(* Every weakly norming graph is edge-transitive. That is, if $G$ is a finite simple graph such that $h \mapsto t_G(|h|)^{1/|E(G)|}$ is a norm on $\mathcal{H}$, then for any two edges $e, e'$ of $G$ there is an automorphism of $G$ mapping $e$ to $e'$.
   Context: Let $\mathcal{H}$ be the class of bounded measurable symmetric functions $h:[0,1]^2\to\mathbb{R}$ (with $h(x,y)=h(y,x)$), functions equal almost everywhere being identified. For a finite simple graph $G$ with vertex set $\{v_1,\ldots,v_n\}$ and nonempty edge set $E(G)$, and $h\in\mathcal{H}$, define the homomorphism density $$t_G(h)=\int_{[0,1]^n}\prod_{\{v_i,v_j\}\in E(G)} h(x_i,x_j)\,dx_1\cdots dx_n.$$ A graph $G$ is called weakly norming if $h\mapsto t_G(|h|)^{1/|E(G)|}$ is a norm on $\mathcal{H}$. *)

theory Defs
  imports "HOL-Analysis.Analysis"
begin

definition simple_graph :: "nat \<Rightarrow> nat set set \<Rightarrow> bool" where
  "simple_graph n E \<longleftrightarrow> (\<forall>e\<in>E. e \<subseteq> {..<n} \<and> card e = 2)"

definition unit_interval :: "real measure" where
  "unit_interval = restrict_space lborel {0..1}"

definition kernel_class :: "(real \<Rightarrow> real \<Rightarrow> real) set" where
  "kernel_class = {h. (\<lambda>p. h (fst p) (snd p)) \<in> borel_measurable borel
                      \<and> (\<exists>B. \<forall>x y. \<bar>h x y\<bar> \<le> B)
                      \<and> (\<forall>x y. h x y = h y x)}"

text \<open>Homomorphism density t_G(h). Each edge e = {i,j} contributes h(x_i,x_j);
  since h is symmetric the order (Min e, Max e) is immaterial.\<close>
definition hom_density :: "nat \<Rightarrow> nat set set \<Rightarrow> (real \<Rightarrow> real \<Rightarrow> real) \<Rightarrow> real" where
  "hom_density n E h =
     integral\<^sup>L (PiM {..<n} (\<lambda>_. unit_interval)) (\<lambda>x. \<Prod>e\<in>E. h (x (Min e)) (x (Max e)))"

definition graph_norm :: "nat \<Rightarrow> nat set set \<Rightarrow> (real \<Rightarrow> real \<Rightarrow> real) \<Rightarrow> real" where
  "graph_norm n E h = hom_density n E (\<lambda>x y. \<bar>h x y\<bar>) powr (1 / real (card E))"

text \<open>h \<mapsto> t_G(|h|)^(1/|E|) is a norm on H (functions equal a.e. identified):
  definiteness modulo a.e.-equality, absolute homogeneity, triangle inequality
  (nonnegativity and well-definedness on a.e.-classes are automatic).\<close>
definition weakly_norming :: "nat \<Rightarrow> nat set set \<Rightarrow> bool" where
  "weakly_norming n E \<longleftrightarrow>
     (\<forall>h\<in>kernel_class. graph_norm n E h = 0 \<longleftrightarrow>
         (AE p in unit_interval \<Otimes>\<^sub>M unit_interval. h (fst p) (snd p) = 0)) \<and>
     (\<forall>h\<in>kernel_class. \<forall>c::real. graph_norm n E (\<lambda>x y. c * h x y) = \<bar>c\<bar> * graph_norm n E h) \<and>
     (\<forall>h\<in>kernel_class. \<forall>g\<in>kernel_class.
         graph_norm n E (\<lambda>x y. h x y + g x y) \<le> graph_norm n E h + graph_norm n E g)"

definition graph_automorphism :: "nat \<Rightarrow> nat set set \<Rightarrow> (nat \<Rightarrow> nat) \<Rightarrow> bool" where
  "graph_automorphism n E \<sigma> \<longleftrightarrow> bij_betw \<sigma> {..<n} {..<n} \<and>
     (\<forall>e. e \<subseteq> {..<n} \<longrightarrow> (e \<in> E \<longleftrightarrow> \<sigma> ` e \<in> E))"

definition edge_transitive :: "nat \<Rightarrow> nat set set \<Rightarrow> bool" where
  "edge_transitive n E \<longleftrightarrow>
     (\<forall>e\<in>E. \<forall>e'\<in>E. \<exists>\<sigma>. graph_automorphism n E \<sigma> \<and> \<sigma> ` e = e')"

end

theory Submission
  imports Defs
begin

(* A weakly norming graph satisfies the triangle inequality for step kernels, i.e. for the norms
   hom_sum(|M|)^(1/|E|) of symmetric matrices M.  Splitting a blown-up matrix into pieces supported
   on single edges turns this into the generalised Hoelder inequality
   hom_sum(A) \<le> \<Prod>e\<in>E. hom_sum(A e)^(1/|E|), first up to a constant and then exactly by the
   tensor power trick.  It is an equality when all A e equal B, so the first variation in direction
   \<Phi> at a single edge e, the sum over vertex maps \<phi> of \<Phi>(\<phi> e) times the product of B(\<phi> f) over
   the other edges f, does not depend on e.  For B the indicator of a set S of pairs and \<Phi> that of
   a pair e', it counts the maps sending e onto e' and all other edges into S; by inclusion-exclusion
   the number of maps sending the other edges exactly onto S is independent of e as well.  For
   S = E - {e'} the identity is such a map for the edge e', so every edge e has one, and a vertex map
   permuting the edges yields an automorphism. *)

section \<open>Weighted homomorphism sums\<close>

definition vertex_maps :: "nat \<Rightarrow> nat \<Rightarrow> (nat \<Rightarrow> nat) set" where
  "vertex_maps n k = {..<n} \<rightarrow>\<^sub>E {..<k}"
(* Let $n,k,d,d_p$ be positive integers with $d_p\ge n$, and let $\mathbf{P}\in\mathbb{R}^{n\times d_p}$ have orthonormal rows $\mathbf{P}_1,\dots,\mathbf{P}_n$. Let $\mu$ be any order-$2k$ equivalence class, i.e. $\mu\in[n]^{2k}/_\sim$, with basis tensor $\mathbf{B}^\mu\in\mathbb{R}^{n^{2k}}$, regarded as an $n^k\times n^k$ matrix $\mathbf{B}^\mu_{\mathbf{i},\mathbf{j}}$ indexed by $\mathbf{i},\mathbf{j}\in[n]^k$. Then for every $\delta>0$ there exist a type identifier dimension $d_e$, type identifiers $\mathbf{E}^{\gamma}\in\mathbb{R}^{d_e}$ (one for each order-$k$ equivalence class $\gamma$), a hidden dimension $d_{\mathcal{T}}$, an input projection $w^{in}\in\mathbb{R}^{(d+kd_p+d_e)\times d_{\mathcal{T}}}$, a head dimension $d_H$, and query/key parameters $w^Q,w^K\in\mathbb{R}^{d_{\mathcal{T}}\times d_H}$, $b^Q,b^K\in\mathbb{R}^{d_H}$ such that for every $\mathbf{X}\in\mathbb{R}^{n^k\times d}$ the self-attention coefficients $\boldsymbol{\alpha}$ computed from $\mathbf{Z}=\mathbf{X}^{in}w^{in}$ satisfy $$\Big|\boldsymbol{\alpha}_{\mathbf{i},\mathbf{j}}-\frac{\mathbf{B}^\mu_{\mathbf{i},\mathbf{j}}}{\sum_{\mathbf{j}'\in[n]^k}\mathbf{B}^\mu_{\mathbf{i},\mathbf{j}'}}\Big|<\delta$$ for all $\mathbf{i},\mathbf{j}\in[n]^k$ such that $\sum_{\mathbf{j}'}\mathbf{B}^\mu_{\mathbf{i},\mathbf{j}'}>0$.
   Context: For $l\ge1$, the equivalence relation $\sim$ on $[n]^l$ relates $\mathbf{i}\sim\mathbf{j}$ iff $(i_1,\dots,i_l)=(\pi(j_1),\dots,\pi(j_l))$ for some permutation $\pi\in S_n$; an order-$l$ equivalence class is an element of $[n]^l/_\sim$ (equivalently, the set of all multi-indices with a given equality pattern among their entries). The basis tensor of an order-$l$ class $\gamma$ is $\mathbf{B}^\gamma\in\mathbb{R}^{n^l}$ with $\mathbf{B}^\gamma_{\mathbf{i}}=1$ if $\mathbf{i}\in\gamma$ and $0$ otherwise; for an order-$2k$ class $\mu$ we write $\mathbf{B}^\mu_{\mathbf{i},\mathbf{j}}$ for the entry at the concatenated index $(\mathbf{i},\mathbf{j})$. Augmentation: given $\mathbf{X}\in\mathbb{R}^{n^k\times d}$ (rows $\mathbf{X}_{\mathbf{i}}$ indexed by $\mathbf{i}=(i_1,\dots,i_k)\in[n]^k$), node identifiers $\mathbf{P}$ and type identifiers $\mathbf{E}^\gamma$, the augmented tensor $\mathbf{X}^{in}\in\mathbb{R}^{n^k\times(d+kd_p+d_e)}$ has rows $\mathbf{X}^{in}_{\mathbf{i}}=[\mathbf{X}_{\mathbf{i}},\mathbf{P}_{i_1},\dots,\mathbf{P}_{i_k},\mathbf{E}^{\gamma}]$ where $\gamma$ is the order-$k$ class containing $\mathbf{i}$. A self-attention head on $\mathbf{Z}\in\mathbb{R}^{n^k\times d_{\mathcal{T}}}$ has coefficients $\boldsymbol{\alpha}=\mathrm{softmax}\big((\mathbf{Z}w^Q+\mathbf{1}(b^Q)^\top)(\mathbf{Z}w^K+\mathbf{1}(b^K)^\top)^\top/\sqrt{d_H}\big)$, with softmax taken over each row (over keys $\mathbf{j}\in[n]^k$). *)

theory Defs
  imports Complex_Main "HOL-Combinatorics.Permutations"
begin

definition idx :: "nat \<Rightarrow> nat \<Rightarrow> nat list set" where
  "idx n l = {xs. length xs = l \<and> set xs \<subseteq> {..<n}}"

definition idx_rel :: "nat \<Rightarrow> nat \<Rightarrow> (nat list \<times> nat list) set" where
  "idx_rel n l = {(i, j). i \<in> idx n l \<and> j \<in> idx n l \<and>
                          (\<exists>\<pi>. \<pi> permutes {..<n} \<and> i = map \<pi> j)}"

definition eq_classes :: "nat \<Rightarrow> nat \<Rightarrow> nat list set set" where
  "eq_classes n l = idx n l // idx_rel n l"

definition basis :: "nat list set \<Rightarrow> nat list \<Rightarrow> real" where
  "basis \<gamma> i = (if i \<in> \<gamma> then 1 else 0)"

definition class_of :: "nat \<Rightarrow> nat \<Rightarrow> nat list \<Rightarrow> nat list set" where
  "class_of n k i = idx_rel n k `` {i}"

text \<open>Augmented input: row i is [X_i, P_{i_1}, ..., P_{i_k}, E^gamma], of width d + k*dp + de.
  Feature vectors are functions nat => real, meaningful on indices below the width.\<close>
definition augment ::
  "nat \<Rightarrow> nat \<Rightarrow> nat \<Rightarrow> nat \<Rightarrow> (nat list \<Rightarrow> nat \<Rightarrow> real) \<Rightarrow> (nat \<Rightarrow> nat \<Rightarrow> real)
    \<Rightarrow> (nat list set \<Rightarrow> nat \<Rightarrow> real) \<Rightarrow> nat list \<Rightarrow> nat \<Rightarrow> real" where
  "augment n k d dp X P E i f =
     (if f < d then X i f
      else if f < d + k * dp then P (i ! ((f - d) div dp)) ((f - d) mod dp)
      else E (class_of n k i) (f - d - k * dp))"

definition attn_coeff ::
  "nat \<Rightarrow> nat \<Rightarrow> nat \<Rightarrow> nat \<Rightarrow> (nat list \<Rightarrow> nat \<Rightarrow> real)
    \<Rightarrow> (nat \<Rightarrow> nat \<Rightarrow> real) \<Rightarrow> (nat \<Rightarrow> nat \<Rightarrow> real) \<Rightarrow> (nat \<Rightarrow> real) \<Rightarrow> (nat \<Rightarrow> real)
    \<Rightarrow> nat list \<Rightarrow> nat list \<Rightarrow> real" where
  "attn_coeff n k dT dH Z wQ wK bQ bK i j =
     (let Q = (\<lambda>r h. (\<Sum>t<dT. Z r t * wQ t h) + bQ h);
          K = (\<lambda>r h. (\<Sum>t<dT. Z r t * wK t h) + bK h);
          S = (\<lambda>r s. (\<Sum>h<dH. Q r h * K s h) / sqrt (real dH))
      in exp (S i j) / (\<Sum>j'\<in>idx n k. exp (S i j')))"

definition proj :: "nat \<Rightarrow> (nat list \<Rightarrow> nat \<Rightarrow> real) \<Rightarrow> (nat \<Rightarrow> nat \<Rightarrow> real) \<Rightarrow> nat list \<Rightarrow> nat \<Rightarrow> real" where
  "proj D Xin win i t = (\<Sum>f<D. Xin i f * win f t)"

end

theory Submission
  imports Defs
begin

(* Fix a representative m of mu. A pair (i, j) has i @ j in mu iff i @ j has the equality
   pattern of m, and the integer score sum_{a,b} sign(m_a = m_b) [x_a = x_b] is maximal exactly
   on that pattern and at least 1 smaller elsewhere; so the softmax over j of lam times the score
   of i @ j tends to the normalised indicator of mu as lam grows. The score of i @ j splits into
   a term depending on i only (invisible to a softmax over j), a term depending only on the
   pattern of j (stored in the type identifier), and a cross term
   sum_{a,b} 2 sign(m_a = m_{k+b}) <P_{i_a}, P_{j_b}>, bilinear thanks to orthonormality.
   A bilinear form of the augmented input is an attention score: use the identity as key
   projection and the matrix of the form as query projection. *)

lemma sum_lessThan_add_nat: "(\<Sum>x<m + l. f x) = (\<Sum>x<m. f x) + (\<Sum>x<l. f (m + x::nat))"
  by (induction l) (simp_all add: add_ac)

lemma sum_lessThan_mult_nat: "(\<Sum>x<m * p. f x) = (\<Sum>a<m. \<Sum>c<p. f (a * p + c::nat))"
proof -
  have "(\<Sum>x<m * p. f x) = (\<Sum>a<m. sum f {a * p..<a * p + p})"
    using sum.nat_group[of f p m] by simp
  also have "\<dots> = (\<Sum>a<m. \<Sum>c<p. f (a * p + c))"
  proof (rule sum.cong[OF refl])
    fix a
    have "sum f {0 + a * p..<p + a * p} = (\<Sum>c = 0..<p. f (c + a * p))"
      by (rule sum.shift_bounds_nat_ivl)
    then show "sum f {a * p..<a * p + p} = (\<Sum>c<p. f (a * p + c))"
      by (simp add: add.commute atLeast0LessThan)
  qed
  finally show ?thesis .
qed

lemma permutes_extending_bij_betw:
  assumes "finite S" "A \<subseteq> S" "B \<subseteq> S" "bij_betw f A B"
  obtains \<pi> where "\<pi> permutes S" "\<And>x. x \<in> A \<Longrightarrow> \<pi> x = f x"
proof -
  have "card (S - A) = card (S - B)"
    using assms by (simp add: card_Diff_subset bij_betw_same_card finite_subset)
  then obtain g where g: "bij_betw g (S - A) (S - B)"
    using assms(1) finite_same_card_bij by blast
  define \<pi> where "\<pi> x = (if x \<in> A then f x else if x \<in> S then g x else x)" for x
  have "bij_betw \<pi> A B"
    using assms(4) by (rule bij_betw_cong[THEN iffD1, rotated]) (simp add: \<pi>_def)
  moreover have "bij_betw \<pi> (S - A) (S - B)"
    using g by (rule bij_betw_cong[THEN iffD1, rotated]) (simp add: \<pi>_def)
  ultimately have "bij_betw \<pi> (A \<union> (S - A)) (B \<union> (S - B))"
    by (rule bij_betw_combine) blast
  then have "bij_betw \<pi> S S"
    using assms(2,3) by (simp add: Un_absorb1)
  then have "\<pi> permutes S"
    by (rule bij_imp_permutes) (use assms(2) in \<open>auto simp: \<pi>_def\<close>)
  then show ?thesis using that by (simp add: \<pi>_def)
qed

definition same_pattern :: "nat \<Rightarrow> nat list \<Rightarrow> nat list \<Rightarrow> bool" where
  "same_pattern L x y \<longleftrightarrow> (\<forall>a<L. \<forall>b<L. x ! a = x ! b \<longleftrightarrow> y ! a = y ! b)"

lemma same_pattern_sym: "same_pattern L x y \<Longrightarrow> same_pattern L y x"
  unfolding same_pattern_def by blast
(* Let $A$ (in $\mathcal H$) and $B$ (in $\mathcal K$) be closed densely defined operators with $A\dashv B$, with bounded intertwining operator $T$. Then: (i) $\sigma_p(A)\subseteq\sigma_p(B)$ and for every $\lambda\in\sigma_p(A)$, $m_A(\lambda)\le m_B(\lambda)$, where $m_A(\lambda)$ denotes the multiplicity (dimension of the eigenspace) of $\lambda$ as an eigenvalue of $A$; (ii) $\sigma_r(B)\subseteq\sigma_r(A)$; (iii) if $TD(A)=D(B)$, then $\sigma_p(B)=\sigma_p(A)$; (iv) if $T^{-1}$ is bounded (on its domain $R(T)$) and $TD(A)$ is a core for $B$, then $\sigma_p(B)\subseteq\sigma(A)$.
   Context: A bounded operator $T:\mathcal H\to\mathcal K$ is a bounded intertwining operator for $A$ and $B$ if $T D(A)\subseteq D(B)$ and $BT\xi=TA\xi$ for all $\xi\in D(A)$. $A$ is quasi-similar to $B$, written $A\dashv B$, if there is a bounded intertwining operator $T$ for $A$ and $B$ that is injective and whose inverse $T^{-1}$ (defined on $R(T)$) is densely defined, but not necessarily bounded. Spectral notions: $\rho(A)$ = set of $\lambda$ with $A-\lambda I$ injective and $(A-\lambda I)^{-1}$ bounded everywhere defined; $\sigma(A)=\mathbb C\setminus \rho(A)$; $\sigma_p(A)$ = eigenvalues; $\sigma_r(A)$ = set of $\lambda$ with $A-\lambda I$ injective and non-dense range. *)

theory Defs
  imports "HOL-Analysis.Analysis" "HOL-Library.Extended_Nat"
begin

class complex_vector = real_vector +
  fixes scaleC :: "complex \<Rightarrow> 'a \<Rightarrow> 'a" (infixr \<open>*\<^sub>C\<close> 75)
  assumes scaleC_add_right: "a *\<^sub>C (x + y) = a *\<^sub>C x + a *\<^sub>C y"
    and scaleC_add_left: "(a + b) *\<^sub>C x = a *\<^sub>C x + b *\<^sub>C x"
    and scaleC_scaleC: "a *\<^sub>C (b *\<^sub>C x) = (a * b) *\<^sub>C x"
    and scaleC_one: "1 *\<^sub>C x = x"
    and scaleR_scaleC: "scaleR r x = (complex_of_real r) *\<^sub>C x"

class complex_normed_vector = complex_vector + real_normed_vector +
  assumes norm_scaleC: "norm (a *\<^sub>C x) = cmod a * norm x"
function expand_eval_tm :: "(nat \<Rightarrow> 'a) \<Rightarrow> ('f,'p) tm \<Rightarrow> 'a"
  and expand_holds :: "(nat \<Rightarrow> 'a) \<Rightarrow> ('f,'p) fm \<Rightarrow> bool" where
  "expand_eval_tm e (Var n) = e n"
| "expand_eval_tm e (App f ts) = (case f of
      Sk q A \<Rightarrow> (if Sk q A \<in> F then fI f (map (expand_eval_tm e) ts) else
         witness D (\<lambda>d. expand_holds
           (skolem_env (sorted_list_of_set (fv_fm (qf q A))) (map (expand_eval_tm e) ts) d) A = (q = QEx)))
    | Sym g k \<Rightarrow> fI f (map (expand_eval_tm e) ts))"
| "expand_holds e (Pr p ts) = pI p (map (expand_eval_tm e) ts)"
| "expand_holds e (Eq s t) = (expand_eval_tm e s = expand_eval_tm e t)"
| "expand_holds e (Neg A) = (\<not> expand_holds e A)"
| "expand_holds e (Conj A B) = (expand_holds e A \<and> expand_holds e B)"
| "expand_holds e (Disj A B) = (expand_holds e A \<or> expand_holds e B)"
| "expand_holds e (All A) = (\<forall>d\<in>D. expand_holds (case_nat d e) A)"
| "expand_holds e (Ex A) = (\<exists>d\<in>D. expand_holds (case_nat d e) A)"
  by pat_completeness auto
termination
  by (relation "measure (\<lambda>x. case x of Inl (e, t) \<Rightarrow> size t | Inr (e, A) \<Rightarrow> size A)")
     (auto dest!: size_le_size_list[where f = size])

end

* _What you have to do_: Repeat, word for word, the lines above between the line holding "real) \<Rightarrow> (nat \<Rightarrow> real)" and the line holding "wQ wK bQ bK", inclusive; omit everything else.

* _Output for this exercise_:
    \<Rightarrow> (nat \<Rightarrow> nat \<Rightarrow> real) \<Rightarrow> (nat \<Rightarrow> nat \<Rightarrow> real) \<Rightarrow> (nat \<Rightarrow> real) \<Rightarrow> (nat \<Rightarrow> real)
    \<Rightarrow> nat list \<Rightarrow> nat list \<Rightarrow> real" where
  "attn_coeff n k dT dH Z wQ wK bQ bK i j =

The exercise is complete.